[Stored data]
(* Let $\Gamma\subset\mathbb{R}^2$ be a simple closed curve such that every set of $6$ points of $\Gamma$ is in c.s.c. position. If $\ell$ and $\ell'$ are two distinct parallel supporting lines of $\Gamma$, then $\ell\cap\Gamma$ and $\ell'\cap\Gamma$ are segments (possibly degenerate, i.e. single points, regarded as segments of length zero) of equal length.
   Context: A set of points in $\mathbb{R}^2$ is in c.s.c. position if it is contained in the boundary of a centrally symmetric convex body. Under the hypothesis, $\Gamma$ is the boundary of a convex body. A supporting line of $\Gamma$ is a line meeting $\Gamma$ such that $\Gamma$ lies in one of the closed half-planes it determines. *)

theory Defs
  imports "HOL-Analysis.Analysis"
begin

definition simple_closed_curve :: "(real^2) set \<Rightarrow> bool" where
  "simple_closed_curve \<Gamma> \<longleftrightarrow>
     (\<exists>g. simple_path g \<and> pathfinish g = pathstart g \<and> path_image g = \<Gamma>)"

definition cs_convex_body :: "(real^2) set \<Rightarrow> bool" where
  "cs_convex_body K \<longleftrightarrow> compact K \<and> convex K \<and> interior K \<noteq> {} \<and>
     (\<exists>c. \<forall>x\<in>K. 2 *\<^sub>R c - x \<in> K)"
lemma extension_cnf:
  assumes "set H \<subseteq> D \<times> D"
  shows "extension (A.cnf H) = B.cnf (map_clauses H)"
proof -
  define H' where "H' = (SOME H'. set H' \<subseteq> D \<times> D \<and> A.cnf H = A.cnf H')"
  have H': "set H' \<subseteq> D \<times> D" "A.cnf H = A.cnf H'"
    using someI[of "\<lambda>H'. set H' \<subseteq> D \<times> D \<and> A.cnf H = A.cnf H'" H] assms
    unfolding H'_def by auto
  have "A.le (A.cnf H) (A.cnf H)"
    using assms by (simp add: A.clause_lists_closed[OF sublattice])
  then have "B.le (B.cnf (map_clauses H')) (B.cnf (map_clauses H))"
    "B.le (B.cnf (map_clauses H)) (B.cnf (map_clauses H'))"
    using H' assms cnf_le_transfer by auto
  then show ?thesis
    unfolding extension_def H'_def[symmetric]
    using H' assms by (simp add: B.le_antisym map_clauses_closed)
qed

lemma extension_sublattice: "u \<in> D \<Longrightarrow> extension u = h u"
  using extension_cnf[of "[(A.top, u)]"] A.sublattice_top[OF sublattice]
  by (simp add: A.sublattice_closed[OF sublattice] hom_closed hom_top)

lemma map_clauses_cnf_prod:
  assumes "set H \<subseteq> D \<times> D" "set K \<subseteq> D \<times> D"
  shows "map_clauses (A.cnf_prod H K) = B.cnf_prod (map_clauses H) (map_clauses K)"
proof -
  have "map_clauses (map (\<lambda>(u', v'). (A.meet u u', A.join v v')) K) =
      map (\<lambda>(u', v'). (B.meet (h u) u', B.join (h v) v')) (map_clauses K)" if "u \<in> D" "v \<in> D" for u v
    using assms(2) that by (induction K) (auto simp: hom_meet hom_join)
  then show ?thesis using assms(1) by (induction H) auto
qed

lemma extension_bot: "extension A.bot = B.bot"
  and extension_top: "extension A.top = B.top"
  using extension_sublattice A.sublattice_bot[OF sublattice] A.sublattice_top[OF sublattice]
  by (simp_all add: hom_bot hom_top)

context
  assumes generated: "generated_subalg A D = A.C"
begin

lemma carrier_cnf_forms:
  assumes "x \<in> A.C"
  obtains H where "set H \<subseteq> D \<times> D" "x = A.cnf H"
proof -
  have "x \<in> A.cnf_forms D"
    using generated assms by (simp add: A.generated_subalg_sublattice[OF sublattice])
  then show thesis by (elim A.cnf_formsE) (rule that)
qed

lemma extension_closed:
  assumes "x \<in> A.C"
  shows "extension x \<in> B.C"
proof -
  obtain H where "set H \<subseteq> D \<times> D" "x = A.cnf H"
    using assms by (rule carrier_cnf_forms)
  then show ?thesis by (simp add: extension_cnf map_clauses_closed)
qed

lemma extension_meet:
  assumes "x \<in> A.C" "y \<in> A.C"
  shows "extension (A.meet x y) = B.meet (extension x) (extension y)"
proof -
  obtain H where "set H \<subseteq> D \<times> D" "x = A.cnf H"
    using assms(1) by (rule carrier_cnf_forms)
  moreover obtain K where "set K \<subseteq> D \<times> D" "y = A.cnf K"
    using assms(2) by (rule carrier_cnf_forms)
  ultimately show ?thesis
    using extension_cnf[of "H @ K"]
    by (simp add: A.cnf_append B.cnf_append A.clause_lists_closed[OF sublattice]
        map_clauses_closed extension_cnf)
qed

lemma extension_join:
  assumes "x \<in> A.C" "y \<in> A.C"
  shows "extension (A.join x y) = B.join (extension x) (extension y)"
proof -
  obtain H where "set H \<subseteq> D \<times> D" "x = A.cnf H"
    using assms(1) by (rule carrier_cnf_forms)
  moreover obtain K where "set K \<subseteq> D \<times> D" "y = A.cnf K"
    using assms(2) by (rule carrier_cnf_forms)
  ultimately show ?thesis
    using extension_cnf[of "A.cnf_prod H K"]
    by (simp add: A.cnf_join B.cnf_join A.clause_lists_closed[OF sublattice] map_clauses_closed
        extension_cnf map_clauses_cnf_prod A.cnf_prod_sublattice[OF sublattice])
qed

lemma extension_neg:
  assumes "x \<in> A.C"
  shows "extension (A.neg x) = B.neg (extension x)"
proof (rule B.neg_unique)
  show "B.meet (extension x) (extension (A.neg x)) = B.bot"
    using assms by (simp flip: extension_meet add: extension_bot)
  show "B.join (extension x) (extension (A.neg x)) = B.top"
    using assms by (simp flip: extension_join add: extension_top)
qed (use assms in \<open>simp_all add: extension_closed\<close>)

lemma extension_bool_hom: "bool_hom A B extension"
  unfolding bool_hom_def
  by (auto simp: extension_closed extension_meet extension_join extension_neg extension_bot
      extension_top)

end

end

locale int_alg = bool_alg +
  assumes interior: "interior_alg A"
begin

abbreviation box where "box \<equiv> ia_box A"
abbreviation Op where "Op \<equiv> opens A"

lemma box_closed [simp]: "x \<in> C \<Longrightarrow> box x \<in> C"
  and box_top [simp]: "box top = top"
  and box_meet: "x \<in> C \<Longrightarrow> y \<in> C \<Longrightarrow> box (meet x y) = meet (box x) (box y)"
  and box_le: "x \<in> C \<Longrightarrow> le (box x) x"
  and box_le_box_box: "x \<in> C \<Longrightarrow> le (box x) (box (box x))"
  using interior unfolding interior_alg_def by auto

lemma box_mono: "x \<in> C \<Longrightarrow> y \<in> C \<Longrightarrow> le x y \<Longrightarrow> le (box x) (box y)"
  unfolding le_iff_meet by (metis box_meet)

lemma opens_closed: "u \<in> Op \<Longrightarrow> u \<in> C"
  and box_open: "u \<in> Op \<Longrightarrow> box u = u"
  and opensI: "u \<in> C \<Longrightarrow> box u = u \<Longrightarrow> u \<in> Op"
  by (simp_all add: opens_def)

lemma box_in_opens: "x \<in> C \<Longrightarrow> box x \<in> Op"
  by (intro opensI le_antisym box_le box_le_box_box) simp_all
(* Let $F$ be a field and let $e_1,e_2,e_3\in M_n(F)$ be pairwise orthogonal idempotents (not necessarily nonzero) with $e_1+e_2+e_3=I_n$, of ranks $n_1,n_2,n_3$. Let $Z=\{a\in M_n(F): (e_1+e_2)ae_3=0,\ e_3a(e_1+e_2)=0\}$ (the centralizer of $e_1+e_2$ and $e_3$). Let $\sigma_1\ne\sigma_2\in F$ satisfy $k_1\sigma_1+k_2\sigma_2\ne0$ for all integer pairs $(k_1,k_2)\ne(0,0)$ with $0\le k_1\le n_1+n_2$, $0\le k_2\le n_3$, and set $\Lambda=\sigma_1(e_1+e_2)+\sigma_2e_3$. Then $$V=\big(Z\cap\Lambda^\perp\big)+e_1M_n(F)e_3+e_3M_n(F)e_2$$ is a Mathieu subspace of $M_n(F)$ of codimension $(n_1+n_2)n_3+1$.
   Context: Let $\mathcal A$ be an associative algebra over a field $F$. An $F$-subspace $M\subseteq\mathcal A$ is a Mathieu subspace (MS) of $\mathcal A$ if for all $a,b,c\in\mathcal A$ such that $a^m\in M$ for all $m\ge 1$, there exists $N$ (depending on $a,b,c$) such that $ba^mc\in M$ for all $m\ge N$. $\Lambda^\perp=\{b\in M_n(F):\mathrm{Tr}(\Lambda b)=0\}$. *)

theory Defs
  imports "HOL-Analysis.Analysis"
begin

text \<open>Matrices in M_n(F) are modelled as 'a^'n^'n with 'a a field and 'n a finite
  index type (n = CARD('n)). The product is (**), the identity mat 1.\<close>

definition mscale :: "'a::field \<Rightarrow> 'a^'n^'n \<Rightarrow> 'a^'n^'n" where
  "mscale c A = (\<chi> i j. c * A $ i $ j)"

definition mpow :: "'a::field^'n^'n \<Rightarrow> nat \<Rightarrow> 'a^'n^'n" where
  "mpow A m = ((\<lambda>X. X ** A) ^^ m) (mat 1)"

definition mathieu_subspace :: "('a::field^'n^'n) set \<Rightarrow> bool" where
  "mathieu_subspace M \<longleftrightarrow> module.subspace mscale M \<and>
     (\<forall>a b c. (\<forall>m\<ge>1. mpow a m \<in> M) \<longrightarrow> (\<exists>N. \<forall>m\<ge>N. b ** mpow a m ** c \<in> M))"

- _PROBLEM TO WORK ON_:
Say how many lines in the data hold the string "that", and say nothing else.

- _RESULT OF THIS EXERCISE_:
5